Der Vater starrte ihn an. „Gärtner? Mit d e m Numerus clausus?“
Auch die Mutter wunderte sich und konnte nur schwer ihre Enttäuschung verbergen.
„Ich will Gärtner werden. Das wißt ihr doch schon seit Jahren.“
Ja, Uwe hatte irgendwann einmal davon gesprochen, daß es sein Traum wäre, in einer Gärtnerei zu arbeiten. Aber damals war er noch ein Kind. Kinder haben viele Träume. Uwes Vater erinnerte sich daran, daß er als Junge Astronaut werden wollte. Oder wenigstens Pilot oder Rennfahrer. Jetzt verdiente er als Steuerberater sein Geld.
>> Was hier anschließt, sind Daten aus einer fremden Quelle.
(* Let $\lambda=(\lambda_1,\dots,\lambda_d)$ be a partition of $n\ge2$. For distinct $i,j\in\{0,\dots,n-2\}$, we have $i\preceq j$ in $P(\lambda)$ if and only if $i<j$ and for each $t\in\{1,\dots,d\}$ one of the following holds: (1) $s_{t,i}>s_{t,j}>0$; (2) $s_{t,i}=0$ and $s_{t,j}=s_{t,j-i}$; (3) $s_{t,j}=s_{t,i}>0$ and $s_{t,j-i}=0$.
   Context: $\Delta_\lambda=\mathrm{conv}(e_1,\dots,e_d,\lambda)\subset\mathbb{R}^d$, with fundamental parallelepiped $\Pi_\lambda=\{\sum_{i=1}^d\gamma_i(1,e_i)+\gamma_{d+1}(1,\lambda):0\le\gamma_i<1\}\subset\mathbb{R}^{d+1}$. $P(\lambda)$ is $\Pi_\lambda\cap\mathbb{Z}^{d+1}$ ordered by $\sigma\preceq\mu$ iff $\mu-\sigma\in\Pi_\lambda\cap\mathbb{Z}^{d+1}$. For $0\le b<n-1$ set $p(b)=\left(\sum_{t}\lceil b\lambda_t/(n-1)\rceil-b,\ \lceil b\lambda_1/(n-1)\rceil,\dots,\lceil b\lambda_d/(n-1)\rceil\right)$; $b\mapsto p(b)$ is a bijection from $\{0,\dots,n-2\}$ onto $\Pi_\lambda\cap\mathbb{Z}^{d+1}$ and each integer $b$ is identified with $p(b)$. For $0\le i<n-1$ and $1\le t\le d$, the integers $r_{t,i}\ge0$ and $0\le s_{t,i}<n-1$ are defined by $i\lambda_t=r_{t,i}(n-1)+s_{t,i}$. *)

theory Defs
  imports Complex_Main
begin

text \<open>A partition lambda = (lambda_1,...,lambda_d) is a list lam of length d;
  lambda_t = lam ! (t-1) for 1 <= t <= d.  Points of R^(d+1) are represented as
  functions nat => real with coordinates indexed 0..d (coordinate 0 is the
  first coordinate), and value 0 outside {0..d}.\<close>

definition is_partition :: "nat list \<Rightarrow> nat \<Rightarrow> bool" where
  "is_partition lam n \<longleftrightarrow> sorted (rev lam) \<and> (\<forall>x\<in>set lam. 0 < x) \<and> sum_list lam = n"

definition gen_e :: "nat \<Rightarrow> nat \<Rightarrow> real" where
  "gen_e i k = (if k = 0 then 1 else if k = i then 1 else 0)"

definition gen_lam :: "nat list \<Rightarrow> nat \<Rightarrow> real" where
  "gen_lam lam k = (if k = 0 then 1 else if k \<le> length lam then real (lam ! (k - 1)) else 0)"

definition fund_pp :: "nat list \<Rightarrow> (nat \<Rightarrow> real) set" where
  "fund_pp lam = {x. \<exists>\<gamma>::nat \<Rightarrow> real.
      (\<forall>i\<in>{1..length lam + 1}. 0 \<le> \<gamma> i \<and> \<gamma> i < 1) \<and>
      x = (\<lambda>k. (\<Sum>i=1..length lam. \<gamma> i * gen_e i k) + \<gamma> (length lam + 1) * gen_lam lam k)}"

definition fund_pp_lattice :: "nat list \<Rightarrow> (nat \<Rightarrow> real) set" where
  "fund_pp_lattice lam = {x \<in> fund_pp lam. \<forall>k. x k \<in> \<int>}"

definition P_le :: "nat list \<Rightarrow> (nat \<Rightarrow> real) \<Rightarrow> (nat \<Rightarrow> real) \<Rightarrow> bool" where
  "P_le lam \<sigma> \<mu> \<longleftrightarrow> \<sigma> \<in> fund_pp_lattice lam \<and> \<mu> \<in> fund_pp_lattice lam \<and>
      (\<lambda>k. \<mu> k - \<sigma> k) \<in> fund_pp_lattice lam"

definition p_pt :: "nat list \<Rightarrow> nat \<Rightarrow> nat \<Rightarrow> real" where
  "p_pt lam b k = (let n = sum_list lam in
     if k = 0 then (\<Sum>t=1..length lam. real_of_int \<lceil>real b * real (lam ! (t-1)) / real (n - 1)\<rceil>) - real b
     else if k \<le> length lam then real_of_int \<lceil>real b * real (lam ! (k-1)) / real (n - 1)\<rceil>
     else 0)"

definition s_rem :: "nat list \<Rightarrow> nat \<Rightarrow> nat \<Rightarrow> nat" where
  "s_rem lam t i = (i * (lam ! (t-1))) mod (sum_list lam - 1)"
(* Let $F$ be a complete Gårding–Dirichlet polynomial on $\mathrm{Sym}^2(\mathbb{R}^n)$ with Gårding cone $\Gamma$. Then for every $A\in\Gamma$ the gradient $(\nabla F)_A$ is positive definite; i.e. the linearization $B\mapsto\langle(\nabla F)_A,B\rangle$ at $A$ is uniformly elliptic.
   Context: $\mathrm{Sym}^2(\mathbb{R}^n)$ is the space of real symmetric $n\times n$ matrices with inner product $\langle A,B\rangle=\mathrm{tr}(AB)$; $(\nabla F)_A\in\mathrm{Sym}^2(\mathbb{R}^n)$ is the gradient of $F$ at $A$ for this inner product. A Gårding–Dirichlet (G-D) polynomial of degree $N$ on $\mathrm{Sym}^2(\mathbb{R}^n)$ is a real homogeneous polynomial $F$ of degree $N$ with $F(I)>0$ such that for every $A$ the polynomial $t\mapsto F(tI+A)$ has only real roots, and whose Gårding cone $\Gamma$ — the connected component of $\{A: F(A)\ne 0\}$ containing $I$ — contains all positive definite matrices. The edge of $F$ is $E=\overline\Gamma\cap(-\overline\Gamma)$, the largest linear subspace contained in $\overline\Gamma$. $F$ is called complete if $\mathcal{P}\cap E=\{0\}$, where $\mathcal{P}$ is the cone of positive semidefinite matrices. *)

theory Defs
  imports "HOL-Analysis.Analysis" "HOL-Computational_Algebra.Polynomial"
begin

definition Sym2 :: "(real^'n^'n) set" where
  "Sym2 = {A. transpose A = A}"

definition pos_def :: "real^'n^'n \<Rightarrow> bool" where
  "pos_def A \<longleftrightarrow> (\<forall>x. x \<noteq> 0 \<longrightarrow> x \<bullet> (A *v x) > 0)"

definition pos_semidef :: "real^'n^'n \<Rightarrow> bool" where
  "pos_semidef A \<longleftrightarrow> (\<forall>x. x \<bullet> (A *v x) \<ge> 0)"

definition homog_poly_Sym2 :: "nat \<Rightarrow> (real^'n^'n \<Rightarrow> real) \<Rightarrow> bool" where
  "homog_poly_Sym2 N F \<longleftrightarrow>
     (\<exists>c :: ('n \<times> 'n \<Rightarrow> nat) \<Rightarrow> real.
        \<forall>A\<in>Sym2. F A = (\<Sum>\<alpha>\<in>{\<alpha>. (\<Sum>p\<in>UNIV. \<alpha> p) = N}.
                          c \<alpha> * (\<Prod>p\<in>UNIV. (A $ fst p $ snd p) ^ \<alpha> p)))"

definition real_rooted_along_I :: "(real^'n^'n \<Rightarrow> real) \<Rightarrow> real^'n^'n \<Rightarrow> bool" where
  "real_rooted_along_I F A \<longleftrightarrow>
     (\<exists>p :: real poly. (\<forall>t. poly p t = F (t *\<^sub>R mat 1 + A)) \<and>
        (\<forall>z. poly (map_poly complex_of_real p) z = 0 \<longrightarrow> z \<in> \<real>))"

definition garding_cone :: "(real^'n^'n \<Rightarrow> real) \<Rightarrow> (real^'n^'n) set" where
  "garding_cone F = connected_component_set {A \<in> Sym2. F A \<noteq> 0} (mat 1)"

definition GD_poly :: "nat \<Rightarrow> (real^'n^'n \<Rightarrow> real) \<Rightarrow> bool" where
  "GD_poly N F \<longleftrightarrow> homog_poly_Sym2 N F \<and> F (mat 1) > 0 \<and>
     (\<forall>A\<in>Sym2. real_rooted_along_I F A) \<and>
     (\<forall>A\<in>Sym2. pos_def A \<longrightarrow> A \<in> garding_cone F)"

definition edge :: "(real^'n^'n \<Rightarrow> real) \<Rightarrow> (real^'n^'n) set" where
  "edge F = {A. A \<in> closure (garding_cone F) \<and> - A \<in> closure (garding_cone F)}"
lemma nn_integral_radial_measure_scale:
  assumes f: "f \<in> borel_measurable borel" and c: "0 < c"
  shows "(\<integral>\<^sup>+ r. f (c * r) \<partial>radial_measure s) = ennreal (c powr (2 * s)) * (\<integral>\<^sup>+ r. f r \<partial>radial_measure s)"
proof -
  have fc: "(\<lambda>r. f (c * r)) \<in> borel_measurable borel"
    using f by measurable
  have ind: "indicator {0<..} (c * r) = (indicator {0<..} r :: ennreal)" for r
    using c by (simp add: indicator_def zero_less_mult_iff)
  have "(\<integral>\<^sup>+ r. f r \<partial>radial_measure s)
      = ennreal c * (\<integral>\<^sup>+ r \<in> {0<..}. ennreal ((c * r) powr (- 1 - 2 * s)) * f (c * r) \<partial>lborel)"
    using nn_integral_real_affine[of "\<lambda>r. ennreal (r powr (- 1 - 2 * s)) * f r * indicator {0<..} r" c 0] f c
    by (simp add: nn_integral_radial_measure ind)
  also have "\<dots> = ennreal c * (ennreal (c powr (- 1 - 2 * s)) *
      (\<integral>\<^sup>+ r \<in> {0<..}. ennreal (r powr (- 1 - 2 * s)) * f (c * r) \<partial>lborel))"
  proof -
    have "ennreal ((c * r) powr (- 1 - 2 * s)) * f (c * r) * indicator {0<..} r
        = ennreal (c powr (- 1 - 2 * s)) * (ennreal (r powr (- 1 - 2 * s)) * f (c * r) * indicator {0<..} r)"
      for r
      using c by (cases "0 < r") (simp_all add: powr_mult ennreal_mult mult_ac)
    moreover have "(\<lambda>r. ennreal (r powr (- 1 - 2 * s)) * f (c * r) * indicator {0<..} r) \<in> borel_measurable borel"
      using f by measurable
    ultimately show ?thesis
      by (simp add: nn_integral_cmult)
  qed
  also have "\<dots> = ennreal (c * c powr (- 1 - 2 * s)) * (\<integral>\<^sup>+ r. f (c * r) \<partial>radial_measure s)"
    using c by (simp add: nn_integral_radial_measure[OF fc] ennreal_mult mult.assoc)
  also have "c * c powr (- 1 - 2 * s) = c powr (- 2 * s)"
    using c powr_add[of c 1 "- 1 - 2 * s"] by simp
  finally show ?thesis
    using c by (simp add: ennreal_mult'[symmetric] powr_add[symmetric] mult.assoc[symmetric])
qed

definition cos_kernel_integral :: "nat \<Rightarrow> real \<Rightarrow> ennreal" where
  "cos_kernel_integral m s = (\<integral>\<^sup>+ r. ennreal ((1 - cos r) ^ m) \<partial>radial_measure s)"

lemma nn_integral_radial_measure_one_minus_cos:
  assumes "m \<ge> 1"
  shows "(\<integral>\<^sup>+ r. ennreal ((1 - cos (r * a)) ^ m) \<partial>radial_measure s)
    = ennreal (\<bar>a\<bar> powr (2 * s)) * cos_kernel_integral m s"
proof (cases "a = 0")
  case True
  then show ?thesis
    using assms by simp
next
  case False
  have "cos (r * a) = cos (\<bar>a\<bar> * r)" for r
    by (cases "a \<ge> 0") (simp_all add: mult.commute)
  then show ?thesis
    using nn_integral_radial_measure_scale[of "\<lambda>r. ennreal ((1 - cos r) ^ m)" "\<bar>a\<bar>" s] False
    by (simp add: cos_kernel_integral_def)
qed

lemma cos_kernel_integral_eq_lborel:
  "cos_kernel_integral m s
    = (\<integral>\<^sup>+ r \<in> {0<..}. ennreal (r powr (- 1 - 2 * s) * (1 - cos r) ^ m) \<partial>lborel)"
  unfolding cos_kernel_integral_def
  by (subst nn_integral_radial_measure) (auto simp: ennreal_mult intro!: nn_integral_cong)

lemma cos_kernel_integral_le:
  assumes "0 < s" "s < real m"
  shows "cos_kernel_integral m s \<le> ennreal (1 / (2 ^ (m + 1) * (real m - s)) + 2 ^ m / (2 * s))"
proof -
  let ?a = "2 * (real m - s) - 1" and ?b = "- 1 - 2 * s"
  have pointwise: "ennreal (r powr ?b * (1 - cos r) ^ m) * indicator {0<..} r
      \<le> ennreal (1 / 2 ^ m) * (ennreal (r powr ?a) * indicator {0..1} r)
        + ennreal (2 ^ m) * (ennreal (r powr ?b) * indicator {1..} r)" for r
  proof (cases "0 < r")
    case r: True
    show ?thesis
    proof (cases "r \<le> 1")
      case True
      have "r powr ?b * (1 - cos r) ^ m \<le> 1 / 2 ^ m * r powr ?a"
        using powr_mult_one_minus_cos_power_le[OF r, of ?b m] by (simp add: algebra_simps)
      then show ?thesis
        using r True by (simp add: add_increasing2 ennreal_leI flip: ennreal_mult)
    next
      case False
      have "(1 - cos r) ^ m \<le> 2 ^ m"
        by (intro power_mono) (use cos_ge_minus_one[of r] in auto)
      then have "r powr ?b * (1 - cos r) ^ m \<le> 2 ^ m * r powr ?b"
        using mult_right_mono[OF _ powr_ge_zero[of r ?b]] by (simp only: mult.commute)
      then show ?thesis
        using r False by (simp add: ennreal_leI flip: ennreal_mult)
    qed
  qed simp
  have "cos_kernel_integral m s
      \<le> (\<integral>\<^sup>+ r. ennreal (1 / 2 ^ m) * (ennreal (r powr ?a) * indicator {0..1} r)
        + ennreal (2 ^ m) * (ennreal (r powr ?b) * indicator {1..} r) \<partial>lborel)"
    unfolding cos_kernel_integral_eq_lborel by (intro nn_integral_mono pointwise)
  also have "\<dots> = ennreal (1 / 2 ^ m) * ennreal (1 / (2 * (real m - s)))
      + ennreal (2 ^ m) * ennreal (1 / (2 * s))"
    using assms
    by (simp add: nn_integral_add nn_integral_cmult nn_integral_powr_from_0 nn_integral_powr_to_inf)
  also have "\<dots> = ennreal (1 / (2 ^ (m + 1) * (real m - s)) + 2 ^ m / (2 * s))"
    using assms by (simp add: ennreal_plus ennreal_mult'' flip: ennreal_mult)
  finally show ?thesis .
qed
abbreviation bridge :: "nat \<Rightarrow> nat \<Rightarrow> nat \<Rightarrow> nat set" where
  "bridge p q s \<equiv> {p, p+s+q}"

lemma bridged_edges_iff:
  "{x, y} \<in> bridged_edges p q s \<longleftrightarrow> bridged_adj p q s x y \<or> bridged_adj p q s y x"
  unfolding bridged_edges_def by (auto simp: doubleton_eq_iff)

lemma finite_simple_graph_bridged:
  "finite_simple_graph (bridged_vertices p q s) (bridged_edges p q s)"
  unfolding finite_simple_graph_def bridged_edges_def bridged_vertices_def bridged_adj_def
  by (auto simp: card_insert_if)

lemma bridge_in_bridged_edges: "0 < s \<Longrightarrow> bridge p q s \<in> bridged_edges p q s"
  by (simp add: bridged_edges_iff bridged_adj_def)

lemma bridged_gdist_le:
  fixes p q s :: nat
  defines "V \<equiv> bridged_vertices p q s" and "E \<equiv> bridged_edges p q s"
  assumes "1 \<le> s"
  shows bridged_gdist_left: "a \<in> insert (p+s+q) {..p} \<Longrightarrow> b \<in> insert (p+s+q) {..p} \<Longrightarrow>
      gdist V E a b \<le> 2"
    and bridged_gdist_right: "a \<in> insert p {p+s..p+s+q} \<Longrightarrow> b \<in> insert p {p+s..p+s+q} \<Longrightarrow>
      gdist V E a b \<le> 2"
    and bridged_gdist_across: "a \<in> {..p} \<Longrightarrow> b \<in> {p+s..p+s+q} \<Longrightarrow> gdist V E a b \<le> 3"
proof -
  have near_left: "gdist V E a p \<le> 1" if "a \<in> insert (p+s+q) {..p}" for a
    using that assms by (intro gdist_le_one)
      (auto simp: V_def E_def bridged_vertices_def bridged_edges_iff bridged_adj_def)
  have near_right: "gdist V E a (p+s+q) \<le> 1" if "a \<in> insert p {p+s..p+s+q}" for a
    using that assms by (intro gdist_le_one)
      (auto simp: V_def E_def bridged_vertices_def bridged_edges_iff bridged_adj_def)
  have via: "gdist V E a b \<le> gdist V E a x + gdist V E b x" for a b x
    using gdist_triangle[of V E a b x] by (simp only: gdist_commute[of V E x b])
  show "gdist V E a b \<le> 2"
    if "a \<in> insert (p+s+q) {..p}" "b \<in> insert (p+s+q) {..p}"
  proof -
    have "gdist V E a b \<le> gdist V E a p + gdist V E b p" by (rule via)
    also have "\<dots> \<le> 1 + 1" using that by (intro add_mono near_left)
    finally show ?thesis by simp
  qed
  show "gdist V E a b \<le> 2"
    if "a \<in> insert p {p+s..p+s+q}" "b \<in> insert p {p+s..p+s+q}"
  proof -
    have "gdist V E a b \<le> gdist V E a (p+s+q) + gdist V E b (p+s+q)" by (rule via)
    also have "\<dots> \<le> 1 + 1" using that by (intro add_mono near_right)
    finally show ?thesis by simp
  qed
  show "gdist V E a b \<le> 3" if "a \<in> {..p}" "b \<in> {p+s..p+s+q}"
  proof -
    have "gdist V E a b \<le> gdist V E a p + gdist V E b p" by (rule via)
    also have "\<dots> \<le> gdist V E a p + (gdist V E b (p+s+q) + gdist V E p (p+s+q))"
      by (intro add_left_mono via)
    also have "\<dots> \<le> 1 + (1 + 1)"
      using that by (intro add_mono near_left near_right) auto
    also have "\<dots> = 3" by (simp add: one_enat_def numeral_eq_enat)
    finally show ?thesis .
  qed
qed
theorem mainTheorem7:
  fixes p :: real and lam :: "'n::finite \<Rightarrow> real"
  assumes "p \<ge> 1"
    and "geodesic_space TYPE('a::metric_space)"
    and "separable_space (euclidean :: 'a topology)"
    and "locally_compact_space (euclidean :: 'a topology)"
    and "\<And>j. lam j \<ge> 0"
    and "(\<Sum>j\<in>UNIV. lam j) = 1"
  shows "\<exists>T :: ('n \<Rightarrow> 'a) \<Rightarrow> 'a. T \<in> borel_measurable borel \<and>
           (\<forall>xs y. (\<Sum>j\<in>UNIV. lam j * dist (T xs) (xs j) powr p)
                   \<le> (\<Sum>j\<in>UNIV. lam j * dist y (xs j) powr p))"
proof -
  have "p > 0" using \<open>p \<ge> 1\<close> by simp
  have complete: "complete (UNIV :: 'a set)"
    and midpoints: "\<And>x y::'a. \<exists>z. dist x z = dist x y / 2 \<and> dist z y = dist x y / 2"
    using assms(2) unfolding geodesic_space_def by blast+
  have "\<exists>\<rho>>0. compact (cball y \<rho>)" for y :: 'a
    using locally_compact_space_obtains_compact_cball[OF assms(4)] by blast
  then have proper: "compact (cball x r)" for x :: 'a and r
    using compact_cball_midpoint_space[OF midpoints complete] by blast
  obtain d :: "nat \<Rightarrow> 'a" where dense: "\<And>a e. e > 0 \<Longrightarrow> \<exists>k. dist (d k) a < e"
    using separable_space_obtains_dense_sequence[OF assms(3)] by blast
  define F where "F xs y = (\<Sum>j\<in>UNIV. lam j * dist y (xs j) powr p)" for xs :: "'n \<Rightarrow> 'a" and y
  have cont: "continuous_on UNIV (\<lambda>q. F (fst q) (snd q))"
    unfolding F_def using \<open>p > 0\<close>
    by (intro continuous_on_weighted_dist_powr continuous_on_fst continuous_on_snd continuous_on_id)
  have "\<exists>T \<in> borel_measurable borel. \<forall>xs. \<forall>y. F xs (T xs) \<le> F xs y"
  proof (rule measurable_selection_dense_sequence[OF dense _ complete])
    show "\<exists>z. \<forall>y. F xs z \<le> F xs y" for xs
      using weighted_dist_powr_attains_min[where lam=lam and xs=xs, OF proper \<open>p > 0\<close> assms(5)]
        assms(6)
      unfolding F_def by simp
    show "{xs \<in> space borel. \<exists>z. dist (d k) z \<le> r \<and> (\<forall>y. F xs z \<le> F xs y)} \<in> sets borel" for k r
      using borel_closed[OF closed_Collect_argmin_in_compact[OF proper cont, of "d k" r]]
      by (simp add: Bex_def)
    show "closed {z. \<forall>y. F xs z \<le> F xs y}" for xs
      using continuous_on_weighted_dist_powr[of p UNIV "\<lambda>_. xs" "\<lambda>y. y" lam] \<open>p > 0\<close>
      unfolding F_def
      by (intro closed_Collect_all closed_Collect_le continuous_on_const) (simp add: continuous_on_id)
  qed
  then show ?thesis unfolding F_def by blast
qed
lemma tau_open_if_tau_star_open:
  assumes "tau_star_open u A"
  shows "tau_open u A"
  unfolding tau_open_def
proof
  fix x assume "x \<in> A"
  then obtain n where n: "n \<ge> 1" "(\<lambda>w. x + w) ` W u n \<subseteq> A"
    using assms unfolding tau_star_open_def by blast
  have "y \<in> A" if "rho u x y < 1 / real n" for y
  proof -
    have "y - x \<in> {z. rho u z 0 < 1 / real n}"
      using that by (simp add: rho_eq_rho_diff[of u x y])
    hence "y - x \<in> W u n" unfolding W_def by (rule subsetD[OF closure_subset])
    hence "x + (y - x) \<in> A" by (intro subsetD[OF n(2)] imageI)
    thus ?thesis by simp
  qed
  thus "\<exists>e>0. \<forall>y. rho u x y < e \<longrightarrow> y \<in> A" using n(1) by (intro exI[of _ "1 / real n"]) auto
qed


subsection \<open>Bounded ratios\<close>

lemma bounded_ratio_ge_2: assumes "a_seq u" "\<forall>n. \<bar>ratio u n\<bar> \<le> B" shows "B \<ge> 2"
  using a_seq_ratio_ge_2[OF assms(1), of 2] assms(2)[rule_format, of 2] by simp

lemma tnorm_mult_Suc_ge:
  assumes "a_seq u" "n \<ge> 1" "\<bar>ratio u (Suc n)\<bar> \<le> B" "tnorm (of_int (u n) * z) < 1 / (2 * B)"
  shows "2 * tnorm (of_int (u n) * z) \<le> tnorm (of_int (u (Suc n)) * z)"
proof -
  define q where "q = ratio u (Suc n)"
  define t where "t = tnorm (of_int (u n) * z)"
  have q2: "q \<ge> 2" unfolding q_def using a_seq_ratio_ge_2[OF assms(1), of "Suc n"] assms(2) by simp
  have "\<bar>of_int q\<bar> * t \<le> of_int B * t"
    using assms(3) tnorm_nonneg[of "of_int (u n) * z"] unfolding q_def t_def
    by (intro mult_right_mono) auto
  also have "\<dots> \<le> of_int B * (1 / (2 * of_int B))"
    using assms(4) q2 assms(3) unfolding t_def q_def by (intro mult_left_mono) auto
  also have "\<dots> = 1/2" using q2 assms(3) unfolding q_def by simp
  finally have "\<bar>of_int q\<bar> * t \<le> 1/2" .
  moreover have "of_int (u (Suc n)) * z = of_int q * (of_int (u n) * z)"
    using a_seq_ratio_mult[OF assms(1), of "Suc n"] unfolding q_def by simp
  ultimately have "tnorm (of_int (u (Suc n)) * z) = \<bar>of_int q\<bar> * t"
    unfolding t_def by (simp only: tnorm_mult_int_eq)
  moreover have "2 * t \<le> \<bar>of_int q\<bar> * t"
    using q2 tnorm_nonneg[of "of_int (u n) * z"] unfolding t_def by (intro mult_right_mono) auto
  ultimately show ?thesis unfolding t_def by simp
qed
Kinderträume! „Du wirst auf jeden Fall studieren“, erklärte der Vater, „von mir aus Gartenbauarchitektur oder Landschaftspflege, wenn du unbedingt in diese Richtung gehen willst.“
„Ich werde eine Lehre als Gärtner machen.“ Uwes Stimme klang fest. „Vielleicht spezialisiere ich mich später einmal, aber im Augenblick möchte ich nichts weiter, als ganz normal von der Pieke auf den Beruf des Gärtners erlernen.“ Dabei blieb er auch in den folgenden Tagen und Wochen. Da halfen alle Überredungskünste seiner Eltern nichts. Uwe begann mit der Lehre.
„Schuld sind nur diese blöden Stacheldinger.“ Der Vater spürte plötzlich eine ohnmächtige Wut auf alle Kakteen. Man mußte sie ausrotten, mit Stumpf und Stil mußte man sie vernichten. Und das tat er dann auch. Als Uwe am Abend nach Hause kam, fand er seine Schützlinge zerquetscht und zerhackt im Mülleimer. Der Vater hatte ganze Arbeit geleistet.
Da packte Uwe seinen Koffer und ging.
Die Mutter weinte.
Der Vater sagte: „Der kommt schon wieder.“
Aber Uwe kam nicht wieder.
Wochen vergingen.
„Du mußt ihn zurückholen“, sagte die Mutter. Sie litt unter der Trennung.
„Er wird schon von alleine kommen.“ Doch Uwes Vater glaubte inzwischen selbst nicht mehr daran. Es gelang ihm immer weniger, seine Gewissensbisse zu verdrängen.
Weihnachten kam.
„Wir können doch nicht ohne unseren Uwe Weihnachten feiern.“ Die Mutter weinte.
Der Vater nickte. „Nein, ohne ihn können wir nicht feiern.“
Am 24. Dezember machte er sich auf den Weg zu seinem Sohn. Er klingelte an Uwes Tür.
„Du?“
„Ich habe dir etwas mitgebracht.“ Der Vater stellte einen Weihnachtskaktus auf Uwes Tisch.
Die beiden Männer lächelten sich an.
Es wurde ein schönes Weihnachtsfest.